Колдунья
Шрифт:
Я не похожа на других — так он говорил. «Но все-таки я человек и чувствую то, что чувствуют люди». Я знаю, какая красота может быть в людях. Я видела ее в том, как женщина укладывает волосы под чепец и закручивает прекрасные локоны, а у меня были темные волосы и не было чепца. За день до того я опустила голову, чтобы попить из озера, а когда подняла ее, то в волосах запутались водоросли и водяная улитка. Целый день я этого не знала. Улитка раскачивалась на моих волосах. Она оставила на мне влажный серебристый след, и я пронесла ее через Три Сестры, так что она увидела то, что ни одной другой улитке не дано было увидеть.
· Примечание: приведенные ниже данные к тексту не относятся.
lemma recursive_in_length_list_decode:
  assumes "recursive_in X k f"
  shows "recursive_in X k (\<lambda>xs. length (list_decode (f xs)))"
proof -
  have length_eq: "(LEAST n. list_encode (drop n (list_decode z)) = 0) = length (list_decode z)" for z
    by (rule Least_equality) (simp_all add: list_encode_eq_0)
  have "\<exists>n. list_encode (drop n (list_decode z)) = 0" for z
    by (intro exI[of _ "length (list_decode z)"]) simp
  then have "recursive_in X k (\<lambda>xs. LEAST n. list_encode (drop n (list_decode (f xs))) = 0)"
    by (intro recursive_in_Least recursive_in_of_bool_eq recursive_in_list_encode_drop
        recursive_in_hd recursive_in_tl recursive_in_const assms) simp
  then show ?thesis
    by (simp only: length_eq)
qed

lemma nth_default_list_decode:
  "nth_default 0 (list_decode z) j = fst (prod_decode (list_encode (drop j (list_decode z)) - 1))"
proof (cases "j < length (list_decode z)")
  case True
  then show ?thesis
    by (simp add: nth_default_def Cons_nth_drop_Suc[OF True, symmetric])
next
  case False
  then show ?thesis
    by (simp add: nth_default_def prod_decode_0)
qed

lemma recursive_in_nth_default_list_decode:
  "recursive_in X k f \<Longrightarrow> recursive_in X k g
    \<Longrightarrow> recursive_in X k (\<lambda>xs. nth_default 0 (list_decode (f xs)) (g xs))"
  unfolding nth_default_list_decode
  by (intro recursive_in_fst_prod_decode recursive_in_diff recursive_in_list_encode_drop recursive_in_const)

section \<open>Computing program indices\<close>

lemma recursive_in_enc_const_recf:
  assumes "recursive_in X k f"
  shows "recursive_in X k (\<lambda>xs. enc (const_recf (f xs)))"
proof -
  let ?step = "\<lambda>ys. prod_encode (3, list_encode [enc SucF, ys!1])"
  have enc: "prim_rec (\<lambda>_. enc Zero) ?step n [] = enc (const_recf n)" for n
    by (induction n) simp_all
  have "recursive_in X (Suc 0) (\<lambda>xs. prim_rec (\<lambda>_. enc Zero) ?step (hd xs) (tl xs))"
    by (intro recursive_in_prim_rec recursive_in_const)
      (simp, intro recursive_in_prod_encode recursive_in_Suc_comp recursive_in_const recursive_in_nth; simp)
  then have "recursive_in X (Suc 0) (\<lambda>xs. enc (const_recf (xs!0)))"
    by (rule recursive_in_cong) (auto simp: length_Suc_conv enc[simplified])
  from recursive_in_comp1[unfolded One_nat_def, OF this assms] show ?thesis
    by simp
qed

inductive_cases eval_CompE: "eval X (Comp f gs) xs y"

definition smn_index :: "recf \<Rightarrow> nat \<Rightarrow> nat" where
  "smn_index U c = enc (Comp U [Proj 0, const_recf c])"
Я повернулась на бок, обняла колени.
Мое сердце твердило: «Он, он…» Но разум требовал прекратить этот лепет, потому что какой в нем смысл? «Засыпай, Корраг. Хватит чувствовать то, что ты не должна чувствовать».
Я вижу, какими круглыми стали ваши глаза. Как вы смотрите на меня сквозь очки, словно я и есть та самая шлюха, которой меня так часто называли, — потому что «шлюха» всегда следует за «ведьмой». Что за ужасное слово! Что за липкая паутина, опутывающая девушку, — однажды брошенное, оно оставляет метку. Меня тоже заклеймили им. Я и сейчас чувствую его жжение.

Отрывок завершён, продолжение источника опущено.